# Catfish Tourny



## Abu65 (Apr 17, 2004)

If we could get enough intrest we are to organize a Tourny to pair a non-boat owner or bank fisherman with a boat owner. We could do it every year if it went over well. It would be good to have it on the river so no special liscense would be needed. We could call it a Boa-Ban Tourny. I'm in and I have a boat. That way we could all meet each other and have an oppurtunity to fish with new people of different skill levels and ideas.....Abu65


----------



## teaysvalleyguy (Aug 20, 2004)

New to the site but I am game for sure.
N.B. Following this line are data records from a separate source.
(* Let $\ell,n\in\mathbb{Z}_{\ge0}$ with $\ell\ge n$ and let $1\le k<n$. There is a family of skew polynomials $\{g_{\underline e,k+1}\in\mathrm{SkPol}_{k+1}\mid \underline e=(e_k,\dots,e_1)\in\{0,1\}^k\}$ such that (1) each $g_{\underline e,k+1}$ is a polynomial in $t_{k+1}$ of degree $\ell-k+\ell(\underline e)$ whose leading coefficient is invertible and whose other coefficients lie in $\mathrm{SkPol}_k$; and (2) $\sum_{\underline e}g_{\underline e,k+1}\,\tau_{\underline{S_k}^{\underline e}}=0$ in $\mathrm{ONH}_n^\ell$ (where $g_{\underline e,k+1}$ acts by substituting $x_j$ for $t_j$).
   Context: $\mathbf{k}$ is a field of characteristic $\neq2$. $\mathrm{ONH}_n$ is the unital $\mathbf{k}$-algebra with generators $\tau_1,\dots,\tau_{n-1},x_1,\dots,x_n$ and relations $\tau_i^2=0$; $\tau_i\tau_{i+1}\tau_i=\tau_{i+1}\tau_i\tau_{i+1}$; $x_i\tau_i+\tau_ix_{i+1}=1$; $\tau_ix_i+x_{i+1}\tau_i=1$; $x_ix_j+x_jx_i=0$ ($i\ne j$); $\tau_i\tau_j+\tau_j\tau_i=0$ ($|i-j|>1$); $x_i\tau_j+\tau_jx_i=0$ ($i\ne j,j+1$). $\mathrm{ONH}_n^\ell$ is its quotient by the two-sided ideal generated by $x_1^\ell$. $\mathrm{SkPol}_a=\mathbb{Z}\langle t_1,\dots,t_a\rangle/(t_it_j+t_jt_i,\ i\ne j)$, with $\mathrm{SkPol}_a\subset\mathrm{SkPol}_{a+1}$; it acts on $\mathrm{ONH}_n^\ell$ by multiplication after substituting $x_j$ for $t_j$. For $\underline e=(e_k,\dots,e_1)\in\{0,1\}^k$, $\ell(\underline e)=\sum_ie_i$ and $\tau_{\underline{S_k}^{\underline e}}=\tau_{s_k^{e_k}}\tau_{s_{k-1}^{e_{k-1}}}\cdots\tau_{s_1^{e_1}}$, where $\tau_{s_j^1}=\tau_j$ and $\tau_{s_j^0}=1$. *)

theory Defs
  imports Main
begin

text \<open>Free (noncommutative) algebra over a coefficient ring 'r on an alphabet 'a:
  an element is a coefficient function on words. Elements of interest have
  finite support; the product is the concatenation (Cauchy) product.\<close>

type_synonym ('a, 'r) fa = "'a list \<Rightarrow> 'r"

definition fa_zero :: "('a, 'r::zero) fa" where
  "fa_zero = (\<lambda>_. 0)"

definition fa_word :: "'a list \<Rightarrow> ('a, 'r::{zero,one}) fa" where
  "fa_word u = (\<lambda>w. if w = u then 1 else 0)"

definition fa_one :: "('a, 'r::{zero,one}) fa" where
  "fa_one = fa_word []"

definition fa_add :: "('a, 'r::plus) fa \<Rightarrow> ('a, 'r) fa \<Rightarrow> ('a, 'r) fa" where
  "fa_add p q = (\<lambda>w. p w + q w)"

definition fa_diff :: "('a, 'r::minus) fa \<Rightarrow> ('a, 'r) fa \<Rightarrow> ('a, 'r) fa" where
  "fa_diff p q = (\<lambda>w. p w - q w)"

definition fa_smul :: "'r::times \<Rightarrow> ('a, 'r) fa \<Rightarrow> ('a, 'r) fa" where
  "fa_smul c p = (\<lambda>w. c * p w)"

definition fa_mul :: "('a, 'r::comm_semiring_0) fa \<Rightarrow> ('a, 'r) fa \<Rightarrow> ('a, 'r) fa" where
  "fa_mul p q = (\<lambda>w. \<Sum>i\<le>length w. p (take i w) * q (drop i w))"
That would be a great chance to meet alot of yall. I am a bankfisher. Tea


----------



## catking (Apr 5, 2004)

All us catters probably need to work on some sort of a nice , once a year, big bang cattin tourney for bankers and catters. Maybe a diffrent location every year, and I believe lakes might be the better choice, since rivers are always so unpredictable. We have a long winter coming up, so we all can come up with some solutions to this. .CATKING


----------



## teaysvalleyguy (Aug 20, 2004)

Lakes, are you meaning like Tappen, Clendening, or Piedmont?? I know those hold some nice Shovelheads. Whatever yall decide I am game. Tea


----------



## DavidWS10 (Apr 5, 2004)

I believe we discussed this very same idea at the Eagle Creek outing for our upcoming Tanners Creek outing. If I remember correctly, Macfish was the one who initiated this particular discussion. I think it's a great idea, and would be a lot of fun. If I get my boat fixed in time, I'm in as a boater. If not, I'll be semi-boatless bank trash.


----------



## rustyfish (Apr 27, 2004)

I think that is a great idea. I think my father is getting ready to buy us a boat, but it has been a long time waiting. I have allways been sitting on a bank thinking "wow i wish i could get over there". It would be a great thing. Its not like use bankers dont catch fish, it would just really help us out to get in a boat.


----------



## sauguy (Apr 8, 2004)

i am not a catfisherman, but have a boat and would like to try it. peidmont, clendening, or tappen are in my area, so i would be interested.


----------



## Abu65 (Apr 17, 2004)

I mentioned the river so I or us Kentuckians wouldnt have to buy an out of state liscense. We could come up with something I'm sure of it.


----------



## lark101_1999 (Apr 12, 2004)

if u want to have one on the ohio river i can run it if u all are looking for some one to hold money and weigh fish just fish one last night river was rolling after dark but did manage to take first place u may want to have some type of drawing to match up boat owners and fishermen together and just a thought keep the fee low so the boat owner can put gas in and get bait while the other pays the turny fee or something to share the cost of the trip so neather feels put out u may want to post a lst and have 4 a year north east west and south to keep the travel time down to just some thoughts


----------



## Abu65 (Apr 17, 2004)

Whoever is interested start posting all you have to do is post Im in boat or no boat so we can get some type of idea. Is there another way to start a list? lark101 1999 where did you fish last night & is there more tournys. What if we get more of 1 than the other say theres 10 boats and 12 bank people could you triple up and just have a pole limit of say 6 poles? Then pay per person instead of per boat just curious of what you all think?


----------



## lark101_1999 (Apr 12, 2004)

i fish a tournament out of new richmond this was ther 6 or 7th one i think thay will not be having anymore this year do to low number of boats there is anouther tournament next week end that goes out of maysville ky at 7 pm to 1 am heres the site http://www.catfishcountry.com/ not sure how many will be there


----------



## rockbass (Apr 16, 2004)

I am definately interested in a tourney. I liek the idea of Clendening or whatever as they are in my area, but I also like the idea of the River. Assuming you mean the Ohio River. I have wanted to fish for cats on the Ohio, but my boat is a bit small for the Ohio as some have told me! I am totally foreign to the big O!  I had one tourney myself for cats in my area and also have one coming up Sept. 4 I think it would be a good thing to have one. I will support your tourney if I can. I know that is what I needed/need. I am a banker I guess since I have a small boat!


----------